Well, what extraordinarily unsettling times we are living through. As I write, Coronavirus is gripping the entire world in a web of fear, suspicion, information, misinformation, and – perhaps more than all of those – a profound uncertainty. Uncertainty of what will happen, when; of what plans will or won’t come to fruition; of what can be organised, or looked forward to; of “will I stay well?” and “will my loved ones stay well?”.
My practice in the last week has been quite an emotional roller-coaster – my patients and clients seem to have represented all positions in the spectrum of thoughts on the Covid-19 pandemic – from completely sanguine, to angry about overreaction, to angry about underreaction, to deep anxiety and profound fear. No-one can be neutral about such a global crisis, and each one of us has to find our own way of dealing with whatever each day brings to us. We are all living in an unfolding news story, and that isn’t comfortable.
My personal challenge is that, as a human being outside my relatively Zen position inside the treatment room, I am particularly attached to feeling that I have a handle on the direction my life is taking. I am at my happiest when mapping out my future, short- medium- and long-term – even though I really do know that the one truly certain thing in life is uncertainty. I just prefer to ignore that uncomfortable truth, and get planning and dreaming and – horrible word – visioning. And now that this huge thing is happening, planning is pretty much impossible, everything has to be contingent, provisional and accompanied by a shrug of the shoulders. And to be honest I don’t think that anyone feels good, or happy, in such a void of specific expectations.
And that brings me on to the message of this piece. If you look back on my blog posts, you will see that however irregular they may be, I don’t miss writing one as winter moves into spring. Seasonal changes are hugely important to my kind of acupuncturist, Five Element, as each season brings with it particular qualities and strengths. And particular challenges if a person is struggling to access those qualities and strengths. And the transition from winter to spring is, in my experience, the seasonal shift that brings most hopes, and most hiccups (with the late summer to autumn shift coming a close second in potential drama). You see, just as nature wants to leap forward into new growth, new energy, new enthusiasm as the days grow longer and the light lasts longer, so too do we humans naturally want to start new ventures, sow new seeds and get planning in the spring. Stop-start weather can be very frustrating to a gardener who can’t be sure when the right time to put the spuds in the ground is. And every March I find myself giving seasonal adjustment acupuncture treatments to a significant proportion of my patients, who might be showing signs of stuckness or lack of enthusiasm when they would normally expect to be up and running.

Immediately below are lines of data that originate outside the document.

(* Let $G$ be a digraph. Then $\operatorname{CSP}(G^\bot)$ and $\operatorname{CSP}(G^\top)$ are each equivalent to $\operatorname{CSP}(G)$ under first order reductions.
   Context: Digraphs are finite and loopless. For $G=(V,E)$, $G^\top$ is the digraph on $V\cup\{\top\}$ ($\top\notin V$) with edges $E\cup\{(v,\top):v\in V\}$, and $G^\bot$ is the digraph on $V\cup\{\bot\}$ with edges $E\cup\{(\bot,v):v\in V\}$. $\operatorname{CSP}(H)$ is the problem of deciding whether a finite input digraph admits a homomorphism to $H$. First order reductions are in the sense of descriptive complexity (Immerman): input structures carry a linear order, and the output structure is defined by first order formulas (possibly with distinct parameters) on tuples of elements of the input. *)

theory Defs
  imports Main
begin

type_synonym 'a digraph = "'a set \<times> ('a \<times> 'a) set"

definition is_digraph :: "'a digraph \<Rightarrow> bool" where
  "is_digraph G \<longleftrightarrow> finite (fst G) \<and> snd G \<subseteq> fst G \<times> fst G
     \<and> (\<forall>v. (v, v) \<notin> snd G)"

definition dg_hom :: "'a digraph \<Rightarrow> 'b digraph \<Rightarrow> ('a \<Rightarrow> 'b) \<Rightarrow> bool" where
  "dg_hom A B h \<longleftrightarrow> (\<forall>x\<in>fst A. h x \<in> fst B)
     \<and> (\<forall>x y. (x, y) \<in> snd A \<longrightarrow> (h x, h y) \<in> snd B)"

definition in_CSP :: "'a digraph \<Rightarrow> 'b digraph \<Rightarrow> bool" where
  "in_CSP A H \<longleftrightarrow> (\<exists>h. dg_hom A H h)"

definition top_ext :: "'a digraph \<Rightarrow> 'a option digraph" where
  "top_ext G = (insert None (Some ` fst G),
     (\<lambda>(u, v). (Some u, Some v)) ` snd G \<union> {(Some v, None) | v. v \<in> fst G})"

definition bot_ext :: "'a digraph \<Rightarrow> 'a option digraph" where
  "bot_ext G = (insert None (Some ` fst G),
     (\<lambda>(u, v). (Some u, Some v)) ` snd G \<union> {(None, Some v) | v. v \<in> fst G})"

text \<open>Input structures: universe {0..<n} (n > 0) with the natural linear order,
  and a loopless edge relation E.  Variables are natural numbers.\<close>
datatype fo =
    FEq nat nat | FLess nat nat | FEdge nat nat
  | FNot fo | FAnd fo fo | FOr fo fo | FEx nat fo | FAll nat fo

fun fo_sat :: "nat \<Rightarrow> (nat \<times> nat) set \<Rightarrow> (nat \<Rightarrow> nat) \<Rightarrow> fo \<Rightarrow> bool" where
  "fo_sat n E \<sigma> (FEq i j) = (\<sigma> i = \<sigma> j)"
| "fo_sat n E \<sigma> (FLess i j) = (\<sigma> i < \<sigma> j)"
| "fo_sat n E \<sigma> (FEdge i j) = ((\<sigma> i, \<sigma> j) \<in> E)"
| "fo_sat n E \<sigma> (FNot \<phi>) = (\<not> fo_sat n E \<sigma> \<phi>)"
| "fo_sat n E \<sigma> (FAnd \<phi> \<psi>) = (fo_sat n E \<sigma> \<phi> \<and> fo_sat n E \<sigma> \<psi>)"
| "fo_sat n E \<sigma> (FOr \<phi> \<psi>) = (fo_sat n E \<sigma> \<phi> \<or> fo_sat n E \<sigma> \<psi>)"
| "fo_sat n E \<sigma> (FEx x \<phi>) = (\<exists>a<n. fo_sat n E (\<sigma>(x := a)) \<phi>)"
| "fo_sat n E \<sigma> (FAll x \<phi>) = (\<forall>a<n. fo_sat n E (\<sigma>(x := a)) \<phi>)"

definition ordered_input :: "nat \<Rightarrow> (nat \<times> nat) set \<Rightarrow> bool" where
  "ordered_input n E \<longleftrightarrow> 0 < n \<and> E \<subseteq> {..<n} \<times> {..<n} \<and> (\<forall>v. (v, v) \<notin> E)"

text \<open>A first order query of dimension k with m parameters: a universe formula
  phi0 with free variables 0..k-1 (the tuple) and the parameters, and an edge
  formula phi1 with free variables 0..k-1 (first tuple), k..2k-1 (second tuple)
  and the parameters.  Parameter j is variable 2k + j.\<close>
record fo_query =
  q_dim :: nat
  q_params :: nat
  q_univ :: fo
  q_edge :: fo

definition fo_env :: "nat \<Rightarrow> nat list \<Rightarrow> nat list \<Rightarrow> nat list \<Rightarrow> nat \<Rightarrow> nat" where
  "fo_env k xs ys ps v =
     (if v < k then xs ! v
      else if v < 2 * k then ys ! (v - k)
      else if v < 2 * k + length ps then ps ! (v - 2 * k) else 0)"

definition query_output ::
  "fo_query \<Rightarrow> nat \<Rightarrow> (nat \<times> nat) set \<Rightarrow> nat list \<Rightarrow> nat list digraph" where
  "query_output Q n E ps =
     (let k = q_dim Q;
          U = {xs. length xs = k \<and> set xs \<subseteq> {..<n}
                   \<and> fo_sat n E (fo_env k xs [] ps) (q_univ Q)}
      in (U, {(xs, ys). xs \<in> U \<and> ys \<in> U
                   \<and> fo_sat n E (fo_env k xs ys ps) (q_edge Q)}))"

definition fo_reduction :: "fo_query \<Rightarrow> 'a digraph \<Rightarrow> 'b digraph \<Rightarrow> bool" where
  "fo_reduction Q H1 H2 \<longleftrightarrow>
     (\<forall>n E ps. ordered_input n E \<and> length ps = q_params Q \<and> distinct ps
        \<and> set ps \<subseteq> {..<n} \<longrightarrow>
        (in_CSP ({..<n}, E) H1 \<longleftrightarrow> in_CSP (query_output Q n E ps) H2))"

definition fo_reducible :: "'a digraph \<Rightarrow> 'b digraph \<Rightarrow> bool" where
  "fo_reducible H1 H2 \<longleftrightarrow> (\<exists>Q. fo_reduction Q H1 H2)"

definition fo_equivalent :: "'a digraph \<Rightarrow> 'b digraph \<Rightarrow> bool" where
  "fo_equivalent H1 H2 \<longleftrightarrow> fo_reducible H1 H2 \<and> fo_reducible H2 H1"

end

theory Submission
  imports Defs
begin

text \<open>Since \<open>\<top>\<close> is a sink, an input maps to \<open>G\<^sup>\<top>\<close> iff its non-sinks induce a
  digraph mapping to \<open>G\<close> (sinks are sent to \<open>\<top>\<close>).  Conversely, giving every input
  vertex fresh out-neighbours forces it away from \<open>\<top>\<close>, so the input maps to \<open>G\<close> iff
  the enlarged input maps to \<open>G\<^sup>\<top>\<close>.  Both constructions are first order (for empty \<open>G\<close>
  an output with loops does the job).  Finally \<open>G\<^sup>\<bot>\<close> is the reverse of \<open>H\<^sup>\<top>\<close> for \<open>H\<close> the
  reverse of \<open>G\<close>, and reversing the edges of input and output turns first order
  reductions into first order reductions.\<close>

lemma fo_reductionI_param_free:
  assumes "q_params Q = 0"
    and "\<And>n E. ordered_input n E \<Longrightarrow>
           in_CSP ({..<n}, E) H1 \<longleftrightarrow> in_CSP (query_output Q n E []) H2"
  shows "fo_reduction Q H1 H2"
  using assms by (auto simp: fo_reduction_def)

definition dg_rev :: "'a digraph \<Rightarrow> 'a digraph" where
  "dg_rev G = (fst G, (snd G)\<inverse>)"

lemma dg_rev_dg_rev [simp]: "dg_rev (dg_rev G) = G"
  by (simp add: dg_rev_def)

lemma is_digraph_dg_rev: "is_digraph G \<Longrightarrow> is_digraph (dg_rev G)"
  by (auto simp: is_digraph_def dg_rev_def)

lemma in_CSP_dg_rev: "in_CSP (dg_rev A) (dg_rev H) \<longleftrightarrow> in_CSP A H"
  by (auto simp: in_CSP_def dg_hom_def dg_rev_def)

lemma bot_ext_eq_dg_rev_top_ext: "bot_ext G = dg_rev (top_ext (dg_rev G))"
  by (auto simp: bot_ext_def top_ext_def dg_rev_def)

fun fo_flip :: "fo \<Rightarrow> fo" where
  "fo_flip (FEdge i j) = FEdge j i"
| "fo_flip (FNot \<phi>) = FNot (fo_flip \<phi>)"
| "fo_flip (FAnd \<phi> \<psi>) = FAnd (fo_flip \<phi>) (fo_flip \<psi>)"
| "fo_flip (FOr \<phi> \<psi>) = FOr (fo_flip \<phi>) (fo_flip \<psi>)"
| "fo_flip (FEx x \<phi>) = FEx x (fo_flip \<phi>)"
| "fo_flip (FAll x \<phi>) = FAll x (fo_flip \<phi>)"
| "fo_flip \<phi> = \<phi>"

lemma fo_sat_fo_flip: "fo_sat n E \<sigma> (fo_flip \<phi>) \<longleftrightarrow> fo_sat n (E\<inverse>) \<sigma> \<phi>"
  by (induction \<phi> arbitrary: \<sigma>) auto

fun fo_rename :: "(nat \<Rightarrow> nat) \<Rightarrow> fo \<Rightarrow> fo" where
  "fo_rename \<pi> (FEq i j) = FEq (\<pi> i) (\<pi> j)"
| "fo_rename \<pi> (FLess i j) = FLess (\<pi> i) (\<pi> j)"
| "fo_rename \<pi> (FEdge i j) = FEdge (\<pi> i) (\<pi> j)"
| "fo_rename \<pi> (FNot \<phi>) = FNot (fo_rename \<pi> \<phi>)"
| "fo_rename \<pi> (FAnd \<phi> \<psi>) = FAnd (fo_rename \<pi> \<phi>) (fo_rename \<pi> \<psi>)"
| "fo_rename \<pi> (FOr \<phi> \<psi>) = FOr (fo_rename \<pi> \<phi>) (fo_rename \<pi> \<psi>)"
| "fo_rename \<pi> (FEx x \<phi>) = FEx (\<pi> x) (fo_rename \<pi> \<phi>)"
| "fo_rename \<pi> (FAll x \<phi>) = FAll (\<pi> x) (fo_rename \<pi> \<phi>)"

text \<open>Bound variables are renamed too, which is harmless as \<open>\<pi>\<close> is injective.\<close>
lemma fo_sat_fo_rename:
  assumes "inj \<pi>"
  shows "fo_sat n E \<sigma> (fo_rename \<pi> \<phi>) \<longleftrightarrow> fo_sat n E (\<sigma> \<circ> \<pi>) \<phi>"
proof -
  have upd: "\<sigma>(\<pi> x := a) \<circ> \<pi> = (\<sigma> \<circ> \<pi>)(x := a)" for \<sigma> x a
    using assms by (auto simp: fun_eq_iff dest: injD)
  show ?thesis
    by (induction \<phi> arbitrary: \<sigma>) (simp_all add: upd)
qed

definition tuple_swap :: "nat \<Rightarrow> nat \<Rightarrow> nat" where
  "tuple_swap k v = (if v < k then v + k else if v < 2 * k then v - k else v)"

lemma inj_tuple_swap: "inj (tuple_swap k)"
proof (rule inj_on_inverseI)
  show "tuple_swap k (tuple_swap k v) = v" for v
    by (auto simp: tuple_swap_def)
qed

lemma fo_env_tuple_swap:
  assumes "length xs = k" "length ys = k"
  shows "fo_env k xs ys ps \<circ> tuple_swap k = fo_env k ys xs ps"
  using assms by (auto simp: fun_eq_iff fo_env_def tuple_swap_def)

definition dual_query :: "fo_query \<Rightarrow> fo_query" where
  "dual_query Q = Q\<lparr>q_univ := fo_flip (q_univ Q),
     q_edge := fo_rename (tuple_swap (q_dim Q)) (fo_flip (q_edge Q))\<rparr>"

lemma query_output_dual_query:
  "query_output (dual_query Q) n E ps = dg_rev (query_output Q n (E\<inverse>) ps)"
  by (auto simp: query_output_def dual_query_def dg_rev_def Let_def fo_sat_fo_flip
      fo_sat_fo_rename[OF inj_tuple_swap] fo_env_tuple_swap)

lemma fo_reduction_dg_rev:
  assumes "fo_reduction Q H1 H2"
  shows "fo_reduction (dual_query Q) (dg_rev H1) (dg_rev H2)"
  unfolding fo_reduction_def
proof (intro allI impI)
  fix n E ps
  assume input: "ordered_input n E \<and> length ps = q_params (dual_query Q) \<and> distinct ps
    \<and> set ps \<subseteq> {..<n}"
  then have "ordered_input n (E\<inverse>)"
    by (auto simp: ordered_input_def)
  with input assms have "in_CSP ({..<n}, E\<inverse>) H1 \<longleftrightarrow> in_CSP (query_output Q n (E\<inverse>) ps) H2"
    by (auto simp: fo_reduction_def dual_query_def)
  moreover have "dg_rev ({..<n}, E\<inverse>) = ({..<n}, E)"
    by (simp add: dg_rev_def)
  ultimately show "in_CSP ({..<n}, E) (dg_rev H1) \<longleftrightarrow>
      in_CSP (query_output (dual_query Q) n E ps) (dg_rev H2)"
    by (metis in_CSP_dg_rev query_output_dual_query)
qed

lemma fo_reducible_dg_rev: "fo_reducible H1 H2 \<Longrightarrow> fo_reducible (dg_rev H1) (dg_rev H2)"
  unfolding fo_reducible_def using fo_reduction_dg_rev by blast

lemma fo_equivalent_dg_rev: "fo_equivalent H1 H2 \<Longrightarrow> fo_equivalent (dg_rev H1) (dg_rev H2)"
  unfolding fo_equivalent_def by (simp add: fo_reducible_dg_rev)

lemma top_ext_vertices [simp]:
  "None \<in> fst (top_ext G)"
  "Some v \<in> fst (top_ext G) \<longleftrightarrow> v \<in> fst G"
  by (auto simp: top_ext_def)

But this year, oh my goodness, just as the soil is drying up and the spring is finally in full throttle, Coronavirus casts it net around us and encases us in stasis, in anxiety, in isolation, in something way bigger than each of our individual lives with their hopes, aspirations, and plans. I’m not going to say what the big message is in there – that is something that each individual is going to have to figure for themselves – but I’m hoping that for the many millions of people worldwide who will come through this pandemic in good health, that the Blackthorn flowers that are just bursting in the hedgerows will yield a fine crop of sloes in the autumn, and that something good can be distilled from them.
To all who read this message, I hope you manage to stay well, in good heart, and in kindness with yourself and others.